[Start of Attachment]
(* Let $N, D \ge 1$, let $X \in \mathbb{R}^{N\times D}$, and let $\lambda^2>0$, $\rho^2>0$. For $\sigma^2>0$ set $\gamma=\exp(-\lambda^2/(2\sigma^2))$. For a feature allocation $(K^+,Z)$ with $Z'Z$ invertible define $p(X,Z)=p(X\mid Z)\,p(Z)$ where $$p(Z)=\frac{\gamma^{K^+}\exp\{-\sum_{n=1}^N\gamma/n\}}{\prod_{h=1}^H\tilde K_h!}\prod_{k=1}^{K^+}S_{N,k}^{-1}\binom{N}{S_{N,k}}^{-1}$$ and $p(X\mid Z)=\int p(X\mid Z,A)\,p(A)\,dA$ with $p(X\mid Z,A)=(2\pi\sigma^2)^{-ND/2}\exp\{-\operatorname{tr}((X-ZA)'(X-ZA))/(2\sigma^2)\}$ and the rows of $A\in\mathbb{R}^{K^+\times D}$ i.i.d. $\mathcal{N}(0,\rho^2I_D)$ under $p(A)$. Then for fixed $K^+,Z$, as $\sigma^2\to0$, $$-2\sigma^2\log p(X,Z)\sim\operatorname{tr}\big(X'(I_N-Z(Z'Z)^{-1}Z')X\big)+K^+\lambda^2,$$ so the MAP problem for $Z$ is asymptotically equivalent to $\operatorname{argmin}_{K^+,Z}\operatorname{tr}(X'(I_N-Z(Z'Z)^{-1}Z')X)+K^+\lambda^2$.
   Context: A feature allocation is an integer $K^+\ge0$ and a binary matrix $Z=(z_{nk})\in\{0,1\}^{N\times K^+}$ with every column nonzero (rows may have any number of ones). $S_{N,k}=\sum_nz_{nk}$; $H$ is the number of distinct columns of $Z$ and $\tilde K_h$ is the number of columns equal to the $h$-th distinct column. $p(Z)$ is the Indian buffet process probability with mass parameter $\gamma$. $f(\sigma^2)\sim g(\sigma^2)$ means $f(\sigma^2)/g(\sigma^2)\to1$ as $\sigma^2\to0$. *)

theory Defs
  imports "Jordan_Normal_Form.Gauss_Jordan_Elimination" "HOL-Probability.Probability"
    "HOL-Library.Landau_Symbols"
begin

definition mat_trace :: "real mat \<Rightarrow> real" where
  "mat_trace A = (\<Sum>i<dim_row A. A $$ (i, i))"

(* A feature allocation with K^+ = dim_col Z features on N = dim_row Z objects:
   binary entries and every column nonzero. *)
definition feature_allocation :: "real mat \<Rightarrow> bool" where
  "feature_allocation Z \<longleftrightarrow>
     (\<forall>n<dim_row Z. \<forall>k<dim_col Z. Z $$ (n, k) = 0 \<or> Z $$ (n, k) = 1) \<and>
     (\<forall>k<dim_col Z. \<exists>n<dim_row Z. Z $$ (n, k) = 1)"

definition feat_count :: "real mat \<Rightarrow> nat \<Rightarrow> nat" where
  "feat_count Z k = card {n. n < dim_row Z \<and> Z $$ (n, k) = 1}"

(* The product over distinct columns h of Ktilde_h! is written as the product,
   over the set of distinct columns c, of (number of columns equal to c)!. *)
definition ibp_prob :: "real \<Rightarrow> real mat \<Rightarrow> real" where
  "ibp_prob \<gamma> Z =
     (let N = dim_row Z; K = dim_col Z in
      \<gamma> ^ K * exp (- (\<Sum>n=1..N. \<gamma> / real n))
      / (\<Prod>c\<in>{Matrix.col Z k | k. k < K}. fact (card {k. k < K \<and> Matrix.col Z k = c}))
      * (\<Prod>k<K. 1 / (real (feat_count Z k) * real (N choose feat_count Z k))))"

definition lik_XZA :: "real \<Rightarrow> real mat \<Rightarrow> real mat \<Rightarrow> real mat \<Rightarrow> real" where
  "lik_XZA s X Z A =
     (2 * pi * s) powr (- real (dim_row X * dim_col X) / 2)
     * exp (- mat_trace ((X - Z * A)\<^sup>T * (X - Z * A)) / (2 * s))"

(* p(X | Z) = integral over A in R^{K x D} of p(X|Z,A) p(A) dA, entries of A
   i.i.d. N(0, rho^2) (i.e. rows i.i.d. N(0, rho^2 I_D)). *)
definition marg_XZ :: "real \<Rightarrow> real \<Rightarrow> real mat \<Rightarrow> real mat \<Rightarrow> real" where
  "marg_XZ s rho2 X Z =
     (let K = dim_col Z; D = dim_col X; I = {0..<K} \<times> {0..<D} in
      \<integral>a. lik_XZA s X Z (Matrix.mat K D a)
            * (\<Prod>i\<in>I. normal_density 0 (sqrt rho2) (a i))
        \<partial>(PiM I (\<lambda>_. lborel)))"

definition joint_XZ :: "real \<Rightarrow> real \<Rightarrow> real \<Rightarrow> real mat \<Rightarrow> real mat \<Rightarrow> real" where
  "joint_XZ s lam2 rho2 X Z = marg_XZ s rho2 X Z * ibp_prob (exp (- lam2 / (2 * s))) Z"

end

theory Submission
  imports Defs "HOL-Real_Asymp.Real_Asymp"
begin

(*
  Completing the square around the least-squares solution Ahat = (Z'Z)^{-1} Z'X gives
    tr((X - ZA)'(X - ZA)) = T + |Z (Ahat - A)|^2,   T = tr(X'(I - Z (Z'Z)^{-1} Z') X).
  So the Gaussian likelihood is at most (2 pi sigma^2)^{-ND/2} exp(-T / (2 sigma^2)), and on the box of
  half-width sigma around Ahat, where the prior density is bounded below, it is at least the same
  quantity with T replaced by T + O(sigma^2). The box volume only contributes sigma^2 log sigma^2 terms,
  hence -2 sigma^2 log p(X|Z) tends to T. The IBP prior is gamma^K exp(-gamma H_N) times a positive
  constant and gamma^K = exp(-K lambda^2 / (2 sigma^2)), so -2 sigma^2 log p(Z) tends to K lambda^2.
  A limit T + K lambda^2 different from 0 turns convergence into asymptotic equivalence.
*)

section \<open>Least squares\<close>

definition frobenius_inner :: "real mat \<Rightarrow> real mat \<Rightarrow> real" where
  "frobenius_inner A B = (\<Sum>i<dim_row A. \<Sum>j<dim_col A. A $$ (i, j) * B $$ (i, j))"

lemma frobenius_inner_self_nonneg: "0 \<le> frobenius_inner A A"
  unfolding frobenius_inner_def by (intro sum_nonneg) auto

lemma frobenius_inner_zero_left [simp]: "frobenius_inner (0\<^sub>m n m) B = 0"
  unfolding frobenius_inner_def by simp

lemma frobenius_inner_commute:
  assumes "A \<in> carrier_mat n m" "B \<in> carrier_mat n m"
  shows "frobenius_inner A B = frobenius_inner B A"
  using assms unfolding frobenius_inner_def by (simp add: mult.commute)

lemma frobenius_inner_add_left:
  assumes "A \<in> carrier_mat n m" "B \<in> carrier_mat n m"
  shows "frobenius_inner (A + B) C = frobenius_inner A C + frobenius_inner B C"
  using assms unfolding frobenius_inner_def by (simp add: distrib_right sum.distrib)

lemma frobenius_inner_add_self:
  assumes "A \<in> carrier_mat n m" "B \<in> carrier_mat n m"
  shows "frobenius_inner (A + B) (A + B) =
         frobenius_inner A A + 2 * frobenius_inner A B + frobenius_inner B B"
  using assms unfolding frobenius_inner_def
  by (simp add: algebra_simps sum.distrib sum_distrib_left)

lemma index_mult_mat_sum:
  assumes "A \<in> carrier_mat n m" "B \<in> carrier_mat m p" "i < n" "j < p"
  shows "(A * B) $$ (i, j) = (\<Sum>k<m. A $$ (i, k) * B $$ (k, j))"
  using assms by (simp add: scalar_prod_def lessThan_atLeast0)

lemma mat_trace_transpose_mult:
  assumes A: "A \<in> carrier_mat n m" and B: "B \<in> carrier_mat n m"
  shows "mat_trace (A\<^sup>T * B) = frobenius_inner A B"
proof -
  have "mat_trace (A\<^sup>T * B) = (\<Sum>j<m. \<Sum>i<n. A $$ (i, j) * B $$ (i, j))"
    unfolding mat_trace_def using A B
    by (intro sum.cong) (auto simp: scalar_prod_def lessThan_atLeast0)
  also have "\<dots> = frobenius_inner A B"
    unfolding frobenius_inner_def using A by (subst sum.swap) simp
  finally show ?thesis .
qed

lemma frobenius_inner_mult_right:
  assumes A: "A \<in> carrier_mat n m" and Z: "Z \<in> carrier_mat n k" and B: "B \<in> carrier_mat k m"
  shows "frobenius_inner A (Z * B) = frobenius_inner (Z\<^sup>T * A) B"
proof -
  have "frobenius_inner A (Z * B) = mat_trace (A\<^sup>T * (Z * B))"
    using A Z B by (simp add: mat_trace_transpose_mult)
  also have "A\<^sup>T * (Z * B) = (Z\<^sup>T * A)\<^sup>T * B"
    using A Z B by (simp add: transpose_mult[of _ k n])
  also have "mat_trace \<dots> = frobenius_inner (Z\<^sup>T * A) B"
    using A Z B by (intro mat_trace_transpose_mult) auto
  finally show ?thesis .
qed

lemma frobenius_inner_mult_self_le:
  assumes Z: "Z \<in> carrier_mat N K" and B: "B \<in> carrier_mat K D" and \<delta>: "0 \<le> \<delta>"
    and B_le: "\<And>k j. k < K \<Longrightarrow> j < D \<Longrightarrow> \<bar>B $$ (k, j)\<bar> \<le> \<delta>"
  shows "frobenius_inner (Z * B) (Z * B) \<le> real (N * D) * ((\<Sum>i<N. \<Sum>k<K. \<bar>Z $$ (i, k)\<bar>) * \<delta>)\<^sup>2"
proof -
  let ?S = "\<Sum>i<N. \<Sum>k<K. \<bar>Z $$ (i, k)\<bar>"
  have entry: "((Z * B) $$ (i, j))\<^sup>2 \<le> (?S * \<delta>)\<^sup>2" if ij: "i < N" "j < D" for i j
  proof -
    have "\<bar>(Z * B) $$ (i, j)\<bar> \<le> (\<Sum>k<K. \<bar>Z $$ (i, k)\<bar> * \<bar>B $$ (k, j)\<bar>)"
      unfolding index_mult_mat_sum[OF Z B ij] by (rule order.trans[OF sum_abs]) (simp add: abs_mult)
    also have "\<dots> \<le> (\<Sum>k<K. \<bar>Z $$ (i, k)\<bar>) * \<delta>"
      unfolding sum_distrib_right using ij B_le by (intro sum_mono mult_left_mono) auto
    also have "\<dots> \<le> ?S * \<delta>"
      using ij \<delta> by (intro mult_right_mono member_le_sum[of i "{..<N}" "\<lambda>i. \<Sum>k<K. \<bar>Z $$ (i, k)\<bar>"])
        (auto intro: sum_nonneg)
    finally have "\<bar>(Z * B) $$ (i, j)\<bar> \<le> ?S * \<delta>" .
    from power_mono[OF this abs_ge_zero, of 2] show ?thesis by simp
  qed
  have "frobenius_inner (Z * B) (Z * B) = (\<Sum>i<N. \<Sum>j<D. ((Z * B) $$ (i, j))\<^sup>2)"
    unfolding frobenius_inner_def using Z B by (simp add: power2_eq_square)
  also have "\<dots> \<le> (\<Sum>i<N. \<Sum>j<D. (?S * \<delta>)\<^sup>2)"
    by (intro sum_mono entry) auto
  finally show ?thesis by simp
qed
[End of Attachment]
### THE PROBLEM
Your task is to output exactly the lines running from the one with "j)\<bar> \<le> ?S" through the final line of the material above, with both ends included.

### RESULT FOR THIS TASK
    finally have "\<bar>(Z * B) $$ (i, j)\<bar> \<le> ?S * \<delta>" .
    from power_mono[OF this abs_ge_zero, of 2] show ?thesis by simp
  qed
  have "frobenius_inner (Z * B) (Z * B) = (\<Sum>i<N. \<Sum>j<D. ((Z * B) $$ (i, j))\<^sup>2)"
    unfolding frobenius_inner_def using Z B by (simp add: power2_eq_square)
  also have "\<dots> \<le> (\<Sum>i<N. \<Sum>j<D. (?S * \<delta>)\<^sup>2)"
    by (intro sum_mono entry) auto
  finally show ?thesis by simp
qed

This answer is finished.